-- What the task asks --
Give back the material that follows, identical in every line.
________________________
lemma arc_has_spanning_tree:
  assumes "a < b" "b \<le> N"
  shows "0 < num_spanning_trees (ph ` {a..<b})"
proof -
  have "inj_on ph {a..<b}" by (rule inj_on_subset[OF inj_ph]) (use assms in auto)
  moreover have "grid_adj (ph c) (ph (Suc c))" if "Suc c < b" for c
    using adj_s[of "ph c"] s_ph[of c] that assms V_eq by auto
  ultimately have "spanning_trees (ph ` {a..<b}) \<noteq> {}"
    using path_spanning_tree by blast
  then show ?thesis
    unfolding num_spanning_trees_def by (simp add: card_gt_0_iff finite_spanning_trees)
qed

definition arc_partition :: "nat \<Rightarrow> nat \<Rightarrow> vert set" where
  "arc_partition k i = (if i < k then ph ` {i * (N div k)..<Suc i * (N div k)} else {})"

lemma arc_partition_balanced:
  assumes "0 < N" "k dvd N"
  shows "arc_partition k \<in> balanced_partitions V k"
proof -
  obtain L where "N = k * L" using assms(2) by (rule dvdE)
  then have "0 < L" "N div k = L" using assms(1) by auto
  define I where "I i = {x. x div L = i}" for i
  have I_sub: "I i \<subseteq> {..<N}" if "i < k" for i
    using that \<open>0 < L\<close> \<open>N = k * L\<close> by (auto simp: I_def div_less_iff_less_mult)
  have arc: "arc_partition k i = (if i < k then ph ` I i else {})" for i
    unfolding arc_partition_def \<open>N div k = L\<close> I_def interval_eq_div[OF \<open>0 < L\<close>] ..
  have card_arc: "card (arc_partition k i) = L" if "i < k" for i
    using that arc card_image[OF inj_on_subset[OF inj_ph I_sub[OF that]]]
    by (simp add: I_def interval_eq_div[OF \<open>0 < L\<close>, symmetric])
  have "(\<Union>i<k. arc_partition k i) = (\<Union>i<k. ph ` I i)"
    by (rule SUP_cong) (simp_all add: arc)
  also have "\<dots> = ph ` {x. x div L < k}"
    by (auto simp: I_def)
  also have "\<dots> = ph ` {..<N}"
    using \<open>0 < L\<close> \<open>N = k * L\<close> by (simp add: div_less_iff_less_mult lessThan_def)
  finally have "(\<Union>i<k. arc_partition k i) = V"
    by (simp add: V_eq)
  moreover have "arc_partition k i \<inter> arc_partition k j = {}" if "i < k" "j < k" "i \<noteq> j" for i j
  proof -
    have "I i \<inter> I j = {}" using \<open>i \<noteq> j\<close> by (auto simp: I_def)
    then show ?thesis
      using that inj_on_image_Int[OF inj_ph I_sub I_sub, of i j] by (simp add: arc)
  qed
  moreover have "arc_partition k i \<noteq> {}" if "i < k" for i
    using card_arc[OF that] \<open>0 < L\<close> by auto
  moreover have "arc_partition k i = {}" if "k \<le> i" for i
    using that by (simp add: arc_partition_def)
  ultimately have "arc_partition k \<in> partitions V k"
    by (simp add: partitions_def)
  then show ?thesis
    using card_arc unfolding balanced_partitions_def by simp
qed

lemma Z_balanced_ge_1:
  assumes "0 < N" "k dvd N"
  shows "1 \<le> Z_balanced V k"
proof -
  obtain L where "N = k * L" using assms(2) by (rule dvdE)
  then have "0 < L" "N div k = L" using assms(1) by auto
  have "1 \<le> st_weight k (arc_partition k)"
    unfolding st_weight_def
  proof (rule prod_ge_1)
    fix i assume "i \<in> {..<k}"
    then have "i * L < Suc i * L" "Suc i * L \<le> N"
      using \<open>0 < L\<close> \<open>N = k * L\<close> mult_le_mono1[of "Suc i" k L] by auto
    then have "0 < num_spanning_trees (arc_partition k i)"
      using arc_has_spanning_tree \<open>i \<in> {..<k}\<close> \<open>N div k = L\<close> by (simp add: arc_partition_def)
    then show "1 \<le> real (num_spanning_trees (arc_partition k i))" by simp
  qed
  also have "\<dots> \<le> Z_balanced V k"
  proof -
    have "finite (balanced_partitions V k)"
      unfolding balanced_partitions_def
      by (rule finite_subset[OF _ finite_partitions[OF finite_V]]) auto
    then show ?thesis
      unfolding Z_balanced_def
      by (intro member_le_sum arc_partition_balanced[OF assms] st_weight_nonneg)
  qed
  finally show ?thesis .
qed

definition tree_partitions :: "nat \<Rightarrow> (nat \<Rightarrow> vert set) set" where
  "tree_partitions k = {p \<in> partitions V k. \<forall>i<k. 0 < num_spanning_trees (p i)}"

lemma st_weight_eq_indicator:
  assumes "p \<in> partitions V k" "2 \<le> k"
  shows "st_weight k p = (if \<forall>i<k. 0 < num_spanning_trees (p i) then 1 else 0)"
proof (cases "\<forall>i<k. 0 < num_spanning_trees (p i)")
  case True
  have "num_spanning_trees (p i) \<le> 1" if "i < k" for i
    using num_spanning_trees_le_1 partition_block_proper[OF assms that] by blast
  then have "num_spanning_trees (p i) = 1" if "i < k" for i
    using True that by (simp add: le_antisym Suc_le_eq)
  then show ?thesis using True unfolding st_weight_def by simp
next
  case False
  then show ?thesis unfolding st_weight_def by (auto intro: prod_zero)
qed

lemma Z_star_eq_card:
  assumes "2 \<le> k"
  shows "Z_star V k = card (tree_partitions k)"
proof -
  have "Z_star V k = (\<Sum>p\<in>partitions V k. if \<forall>i<k. 0 < num_spanning_trees (p i) then 1 else 0)"
    unfolding Z_star_def using assms by (intro sum.cong) (simp_all add: st_weight_eq_indicator)
  also have "\<dots> = (\<Sum>p\<in>tree_partitions k. 1)"
    unfolding tree_partitions_def by (simp add: finite_partitions finite_V flip: sum.inter_filter)
  finally show ?thesis by simp
qed

lemma tree_partitionsD:
  "p \<in> tree_partitions k \<Longrightarrow> p \<in> partitions V k"
  "p \<in> tree_partitions k \<Longrightarrow> i < k \<Longrightarrow> 0 < num_spanning_trees (p i)"
  unfolding tree_partitions_def by blast+

definition block_exit :: "(nat \<Rightarrow> vert set) \<Rightarrow> nat \<Rightarrow> vert" where
  "block_exit p i = the_elem (exits (p i))"

lemma exits_block:
  assumes p: "p \<in> tree_partitions k" and "2 \<le> k" "i < k"
  shows "exits (p i) = {block_exit p i}"
proof -
  have "card (exits (p i)) = 1"
    by (rule card_exits_eq_1[OF partition_block_proper[OF tree_partitionsD(1)[OF p] \<open>2 \<le> k\<close> \<open>i < k\<close>]
          tree_partitionsD(2)[OF p \<open>i < k\<close>]])
  then obtain x where "exits (p i) = {x}" by (auto simp: card_1_singleton_iff)
  then show ?thesis by (simp add: block_exit_def)
qed

lemma block_exit_in_block:
  assumes "p \<in> tree_partitions k" "2 \<le> k" "i < k"
  shows "block_exit p i \<in> p i"
proof -
  have "block_exit p i \<in> exits (p i)" using exits_block[OF assms] by simp
  then show ?thesis by (simp add: exits_def)
qed

lemma block_exits_Int_block:
  assumes p: "p \<in> tree_partitions k" and "2 \<le> k" "i < k"
  shows "block_exit p ` {..<k} \<inter> p i = {block_exit p i}"
proof
  have "block_exit p j \<notin> p i" if "j < k" "j \<noteq> i" for j
    using block_exit_in_block[OF p \<open>2 \<le> k\<close> \<open>j < k\<close>]
      partition_disjoint[OF tree_partitionsD(1)[OF p] \<open>i < k\<close> \<open>j < k\<close>] that(2)
    by blast
  then show "block_exit p ` {..<k} \<inter> p i \<subseteq> {block_exit p i}" by blast
  show "{block_exit p i} \<subseteq> block_exit p ` {..<k} \<inter> p i"
    using block_exit_in_block[OF assms] \<open>i < k\<close> by simp
qed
________________________
-- Task answer --
lemma arc_has_spanning_tree:
  assumes "a < b" "b \<le> N"
  shows "0 < num_spanning_trees (ph ` {a..<b})"
proof -
  have "inj_on ph {a..<b}" by (rule inj_on_subset[OF inj_ph]) (use assms in auto)
  moreover have "grid_adj (ph c) (ph (Suc c))" if "Suc c < b" for c
    using adj_s[of "ph c"] s_ph[of c] that assms V_eq by auto
  ultimately have "spanning_trees (ph ` {a..<b}) \<noteq> {}"
    using path_spanning_tree by blast
  then show ?thesis
    unfolding num_spanning_trees_def by (simp add: card_gt_0_iff finite_spanning_trees)
qed

definition arc_partition :: "nat \<Rightarrow> nat \<Rightarrow> vert set" where
  "arc_partition k i = (if i < k then ph ` {i * (N div k)..<Suc i * (N div k)} else {})"

lemma arc_partition_balanced:
  assumes "0 < N" "k dvd N"
  shows "arc_partition k \<in> balanced_partitions V k"
proof -
  obtain L where "N = k * L" using assms(2) by (rule dvdE)
  then have "0 < L" "N div k = L" using assms(1) by auto
  define I where "I i = {x. x div L = i}" for i
  have I_sub: "I i \<subseteq> {..<N}" if "i < k" for i
    using that \<open>0 < L\<close> \<open>N = k * L\<close> by (auto simp: I_def div_less_iff_less_mult)
  have arc: "arc_partition k i = (if i < k then ph ` I i else {})" for i
    unfolding arc_partition_def \<open>N div k = L\<close> I_def interval_eq_div[OF \<open>0 < L\<close>] ..
  have card_arc: "card (arc_partition k i) = L" if "i < k" for i
    using that arc card_image[OF inj_on_subset[OF inj_ph I_sub[OF that]]]
    by (simp add: I_def interval_eq_div[OF \<open>0 < L\<close>, symmetric])
  have "(\<Union>i<k. arc_partition k i) = (\<Union>i<k. ph ` I i)"
    by (rule SUP_cong) (simp_all add: arc)
  also have "\<dots> = ph ` {x. x div L < k}"
    by (auto simp: I_def)
  also have "\<dots> = ph ` {..<N}"
    using \<open>0 < L\<close> \<open>N = k * L\<close> by (simp add: div_less_iff_less_mult lessThan_def)
  finally have "(\<Union>i<k. arc_partition k i) = V"
    by (simp add: V_eq)
  moreover have "arc_partition k i \<inter> arc_partition k j = {}" if "i < k" "j < k" "i \<noteq> j" for i j
  proof -
    have "I i \<inter> I j = {}" using \<open>i \<noteq> j\<close> by (auto simp: I_def)
    then show ?thesis
      using that inj_on_image_Int[OF inj_ph I_sub I_sub, of i j] by (simp add: arc)
  qed
  moreover have "arc_partition k i \<noteq> {}" if "i < k" for i
    using card_arc[OF that] \<open>0 < L\<close> by auto
  moreover have "arc_partition k i = {}" if "k \<le> i" for i
    using that by (simp add: arc_partition_def)
  ultimately have "arc_partition k \<in> partitions V k"
    by (simp add: partitions_def)
  then show ?thesis
    using card_arc unfolding balanced_partitions_def by simp
qed

lemma Z_balanced_ge_1:
  assumes "0 < N" "k dvd N"
  shows "1 \<le> Z_balanced V k"
proof -
  obtain L where "N = k * L" using assms(2) by (rule dvdE)
  then have "0 < L" "N div k = L" using assms(1) by auto
  have "1 \<le> st_weight k (arc_partition k)"
    unfolding st_weight_def
  proof (rule prod_ge_1)
    fix i assume "i \<in> {..<k}"
    then have "i * L < Suc i * L" "Suc i * L \<le> N"
      using \<open>0 < L\<close> \<open>N = k * L\<close> mult_le_mono1[of "Suc i" k L] by auto
    then have "0 < num_spanning_trees (arc_partition k i)"
      using arc_has_spanning_tree \<open>i \<in> {..<k}\<close> \<open>N div k = L\<close> by (simp add: arc_partition_def)
    then show "1 \<le> real (num_spanning_trees (arc_partition k i))" by simp
  qed
  also have "\<dots> \<le> Z_balanced V k"
  proof -
    have "finite (balanced_partitions V k)"
      unfolding balanced_partitions_def
      by (rule finite_subset[OF _ finite_partitions[OF finite_V]]) auto
    then show ?thesis
      unfolding Z_balanced_def
      by (intro member_le_sum arc_partition_balanced[OF assms] st_weight_nonneg)
  qed
  finally show ?thesis .
qed

definition tree_partitions :: "nat \<Rightarrow> (nat \<Rightarrow> vert set) set" where
  "tree_partitions k = {p \<in> partitions V k. \<forall>i<k. 0 < num_spanning_trees (p i)}"

lemma st_weight_eq_indicator:
  assumes "p \<in> partitions V k" "2 \<le> k"
  shows "st_weight k p = (if \<forall>i<k. 0 < num_spanning_trees (p i) then 1 else 0)"
proof (cases "\<forall>i<k. 0 < num_spanning_trees (p i)")
  case True
  have "num_spanning_trees (p i) \<le> 1" if "i < k" for i
    using num_spanning_trees_le_1 partition_block_proper[OF assms that] by blast
  then have "num_spanning_trees (p i) = 1" if "i < k" for i
    using True that by (simp add: le_antisym Suc_le_eq)
  then show ?thesis using True unfolding st_weight_def by simp
next
  case False
  then show ?thesis unfolding st_weight_def by (auto intro: prod_zero)
qed

lemma Z_star_eq_card:
  assumes "2 \<le> k"
  shows "Z_star V k = card (tree_partitions k)"
proof -
  have "Z_star V k = (\<Sum>p\<in>partitions V k. if \<forall>i<k. 0 < num_spanning_trees (p i) then 1 else 0)"
    unfolding Z_star_def using assms by (intro sum.cong) (simp_all add: st_weight_eq_indicator)
  also have "\<dots> = (\<Sum>p\<in>tree_partitions k. 1)"
    unfolding tree_partitions_def by (simp add: finite_partitions finite_V flip: sum.inter_filter)
  finally show ?thesis by simp
qed

lemma tree_partitionsD:
  "p \<in> tree_partitions k \<Longrightarrow> p \<in> partitions V k"
  "p \<in> tree_partitions k \<Longrightarrow> i < k \<Longrightarrow> 0 < num_spanning_trees (p i)"
  unfolding tree_partitions_def by blast+

definition block_exit :: "(nat \<Rightarrow> vert set) \<Rightarrow> nat \<Rightarrow> vert" where
  "block_exit p i = the_elem (exits (p i))"

lemma exits_block:
  assumes p: "p \<in> tree_partitions k" and "2 \<le> k" "i < k"
  shows "exits (p i) = {block_exit p i}"
proof -
  have "card (exits (p i)) = 1"
    by (rule card_exits_eq_1[OF partition_block_proper[OF tree_partitionsD(1)[OF p] \<open>2 \<le> k\<close> \<open>i < k\<close>]
          tree_partitionsD(2)[OF p \<open>i < k\<close>]])
  then obtain x where "exits (p i) = {x}" by (auto simp: card_1_singleton_iff)
  then show ?thesis by (simp add: block_exit_def)
qed

lemma block_exit_in_block:
  assumes "p \<in> tree_partitions k" "2 \<le> k" "i < k"
  shows "block_exit p i \<in> p i"
proof -
  have "block_exit p i \<in> exits (p i)" using exits_block[OF assms] by simp
  then show ?thesis by (simp add: exits_def)
qed

lemma block_exits_Int_block:
  assumes p: "p \<in> tree_partitions k" and "2 \<le> k" "i < k"
  shows "block_exit p ` {..<k} \<inter> p i = {block_exit p i}"
proof
  have "block_exit p j \<notin> p i" if "j < k" "j \<noteq> i" for j
    using block_exit_in_block[OF p \<open>2 \<le> k\<close> \<open>j < k\<close>]
      partition_disjoint[OF tree_partitionsD(1)[OF p] \<open>i < k\<close> \<open>j < k\<close>] that(2)
    by blast
  then show "block_exit p ` {..<k} \<inter> p i \<subseteq> {block_exit p i}" by blast
  show "{block_exit p i} \<subseteq> block_exit p ` {..<k} \<inter> p i"
    using block_exit_in_block[OF assms] \<open>i < k\<close> by simp
qed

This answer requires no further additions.